Clinic students act as the lead attorneys on their cases, and work with their clients from the beginning of a family law case through its conclusion. Students are responsible for gathering information and documents, preparing court filings, appearing at court status conferences, mandatory mediation, and court hearings. The Family Law Clinic helps students to develop good client relationships, to become competent in Colorado family law in particular, and in Colorado civil practice more broadly.

Scope
The Family Law Clinic is a yearlong course so that students are able to work on their cases from start to finish. Typically, in the fall semester, students meet their clients, prepare and file initial court pleadings, take the lead at a status conference, and prepare and serve initial court-mandated discovery documents. In some cases, the students may also appear at preliminary court hearings related to parenting time and child support.
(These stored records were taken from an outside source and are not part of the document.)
(* Let $f(x)=\frac1n\sum_{i=1}^n f_i(x)$ on $\mathbb{R}^d$, where each $f_i$ is convex and $L$-smooth, and let $\mathcal X^\star$ (assumed nonempty) be the set of minimizers of $f$. Consider the following algorithm (Acc-SVRG-G) with parameters $\tau_k\in(0,1)$, $p_k\in(0,1]$: set $z_0=\tilde x_0=x_0$, $\alpha_k=\frac{L\tau_k}{1-\tau_k}$, and for $k=0,1,\dots$: $y_k=\tau_kz_k+(1-\tau_k)\big(\tilde x_k-\frac1L\nabla f(\tilde x_k)\big)$; $z_{k+1}=\arg\min_x\{\langle\mathcal G_k,x\rangle+\frac{\alpha_k}{2}\|x-z_k\|^2\}$, where $\mathcal G_k=\nabla f_{i_k}(y_k)-\nabla f_{i_k}(\tilde x_k)+\nabla f(\tilde x_k)$ with $i_k$ sampled uniformly from $\{1,\dots,n\}$ independently of the past; $\tilde x_{k+1}=y_k$ with probability $p_k$ and $\tilde x_{k+1}=\tilde x_k$ with probability $1-p_k$. Then for every $k\ge0$ and every $x^\star\in\mathcal X^\star$, $$\frac{1-\tau_k}{\tau_k^2p_k}\mathbb E[f(\tilde x_{k+1})-f(x^\star)]+\frac L2\mathbb E\|z_{k+1}-x^\star\|^2+\frac{(1-\tau_k)^2}{2L\tau_k^2}\mathbb E\|\nabla f(\tilde x_k)\|^2\le\frac{(1-\tau_kp_k)(1-\tau_k)}{\tau_k^2p_k}\mathbb E[f(\tilde x_k)-f(x^\star)]+\frac L2\mathbb E\|z_k-x^\star\|^2,$$ where $\mathbb E$ is the total expectation.
   Context: $L$-smooth means $\|\nabla f_i(x)-\nabla f_i(y)\|\le L\|x-y\|$ for all $x,y$; norms are Euclidean. *)

theory Defs
  imports "HOL-Analysis.Analysis" "HOL-Probability.Probability"
begin

definition fsum :: "nat \<Rightarrow> (nat \<Rightarrow> real ^ 'd \<Rightarrow> real) \<Rightarrow> real ^ 'd \<Rightarrow> real" where
  "fsum n fi x = (1 / real n) * (\<Sum>i<n. fi i x)"

definition gradf :: "nat \<Rightarrow> (nat \<Rightarrow> real ^ 'd \<Rightarrow> real ^ 'd) \<Rightarrow> real ^ 'd \<Rightarrow> real ^ 'd" where
  "gradf n g x = (1 / real n) *\<^sub>R (\<Sum>i<n. g i x)"

definition svrg_step ::
  "real \<Rightarrow> nat \<Rightarrow> (nat \<Rightarrow> real ^ 'd \<Rightarrow> real ^ 'd) \<Rightarrow> real \<Rightarrow>
   ((real ^ 'd) \<times> (real ^ 'd)) \<Rightarrow> nat \<Rightarrow> bool \<Rightarrow> ((real ^ 'd) \<times> (real ^ 'd))" where
  "svrg_step L n g tau s i b =
     (let z = fst s; xt = snd s;
          y = tau *\<^sub>R z + (1 - tau) *\<^sub>R (xt - (1 / L) *\<^sub>R gradf n g xt);
          G = g i y - g i xt + gradf n g xt;
          alpha = L * tau / (1 - tau);
          z' = arg_min (\<lambda>x. G \<bullet> x + alpha / 2 * (norm (x - z))\<^sup>2) (\<lambda>_. True);
          xt' = (if b then y else xt)
      in (z', xt'))"

primrec svrg_dist ::
  "real \<Rightarrow> nat \<Rightarrow> (nat \<Rightarrow> real ^ 'd \<Rightarrow> real ^ 'd) \<Rightarrow> (nat \<Rightarrow> real) \<Rightarrow> (nat \<Rightarrow> real) \<Rightarrow>
   real ^ 'd \<Rightarrow> nat \<Rightarrow> ((real ^ 'd) \<times> (real ^ 'd)) pmf" where
  "svrg_dist L n g tau p x0 0 = return_pmf (x0, x0)"
| "svrg_dist L n g tau p x0 (Suc k) =
     bind_pmf (svrg_dist L n g tau p x0 k) (\<lambda>s.
       bind_pmf (pmf_of_set {..<n}) (\<lambda>i.
         map_pmf (\<lambda>b. svrg_step L n g (tau k) s i b) (bernoulli_pmf (p k))))"

end

theory Submission
  imports Defs
begin

(* Conditionally on the state (z, xt), z' = z - G / alpha is a gradient step along the
   estimator G = grad f_i(y) - grad f_i(xt) + grad f(xt), which is unbiased for grad f(y).
   Expanding |z' - xs|^2, co-coercivity of each grad f_i bounds the second moment of
   grad f_i(y) - grad f_i(xt) by 2 L times the Bregman divergence f(xt) - f(y) - <grad f(y), xt - y>,
   and the definition of y trades tau (z - xs) for y - xs, xt - xs and grad f(xt): all terms in
   grad f(xt) cancel except |grad f(xt)|^2, the gain on the left. Convexity,
   f(y) - f(xs) <= <grad f(y), y - xs>, closes the one-step estimate. All distributions are finitely supported, so the total expectation follows by
   averaging the one-step estimate over the state. *)

lemma has_real_derivative_along_line:
  fixes F :: "'a::real_inner \<Rightarrow> real"
  assumes "(F has_derivative (\<lambda>h. G \<bullet> h)) (at (y + t *\<^sub>R d))"
  shows "((\<lambda>t. F (y + t *\<^sub>R d)) has_real_derivative (G \<bullet> d)) (at t)"
proof -
  have "((\<lambda>t. y + t *\<^sub>R d) has_derivative (\<lambda>s. s *\<^sub>R d)) (at t)"
    by (auto intro!: derivative_eq_intros)
  from has_derivative_compose[OF this assms]
  have "((\<lambda>t. F (y + t *\<^sub>R d)) has_derivative (\<lambda>s. (G \<bullet> d) * s)) (at t)"
    by (simp add: mult.commute)
  then show ?thesis by (simp add: has_field_derivative_def)
qed

lemma convex_on_gradient_inequality:
  fixes F :: "'a::real_inner \<Rightarrow> real"
  assumes cvx: "convex_on UNIV F" and deriv: "(F has_derivative (\<lambda>h. G \<bullet> h)) (at y)"
  shows "F y + G \<bullet> (x - y) \<le> F x"
proof -
  define \<phi> where "\<phi> t = F (y + t *\<^sub>R (x - y))" for t :: real
  have "convex_on UNIV \<phi>"
  proof (rule convex_onI)
    fix t a b :: real assume "0 < t" "t < 1"
    have "y + ((1 - t) * a + t * b) *\<^sub>R (x - y)
        = (1 - t) *\<^sub>R (y + a *\<^sub>R (x - y)) + t *\<^sub>R (y + b *\<^sub>R (x - y))"
      by (simp add: algebra_simps)
    with convex_onD[OF cvx, of t] \<open>0 < t\<close> \<open>t < 1\<close>
    show "\<phi> ((1 - t) *\<^sub>R a + t *\<^sub>R b) \<le> (1 - t) * \<phi> a + t * \<phi> b"
      by (simp add: \<phi>_def)
  qed simp
  moreover have "(\<phi> has_real_derivative (G \<bullet> (x - y))) (at 0)"
    unfolding \<phi>_def by (rule has_real_derivative_along_line) (use deriv in simp)
  ultimately have "\<phi> 1 - \<phi> 0 \<ge> (G \<bullet> (x - y)) * (1 - 0)"
    by (intro convex_on_imp_above_tangent) auto
  then show ?thesis by (simp add: \<phi>_def)
qed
At such hearings, students may present opening and closing statements and examine witnesses. In the spring semester, typically students prepare for and attend mediation on each of their cases, including preparing mediation statements. For cases that are not resolved at mediation, students take the lead on a final contested hearing. Hearings include preparing a pre-hearing brief, opening and closing statements, and witness examinations.

In addition to casework, students meet weekly in seminar. In the fall, the seminar focuses on broader issues about the attorney-client relationship, and considers law as a vehicle for social change. The seminar also introduces students to exercises in more general civil practice such as negotiations, drafting demand letters and civil complaints. In the spring, each student teaches a week of class on a topic of her or his choosing, related to clinic work or experiences.

Type of Legal Assistance
Clients of the Family Law Clinic are low-income and are referred through other social service programs in the state or through the courts. The Clinic does not generally accept clients through direct intake. Typical clients include unmarried parents who have ended their relationships with their child’s other parent and who have not been able to work out a schedule for time with their child, or for child support. Students interview parents, prepare Petitions for Allocation of Parental Responsibilities, file the Petitions, prepare clients for initial status conferences with the court, and attend conferences. They prepare for preliminary hearings and work with clients to prepare court-mandated financial materials. Ultimately, students prepare for and attend mediations and take matters to the final, contested hearing in the spring.

Another typical client would be a spouse in a divorce matter. Students work with clients to prepare and file responses to Petitions for Dissolution of Marriage. Students determine what kinds of legal questions might be presented by the dissolution, including spousal maintenance (formerly known as alimony) and distribution of assets and debts. If children are involved, students work through issues related to parenting time, parenting decision making, and child support.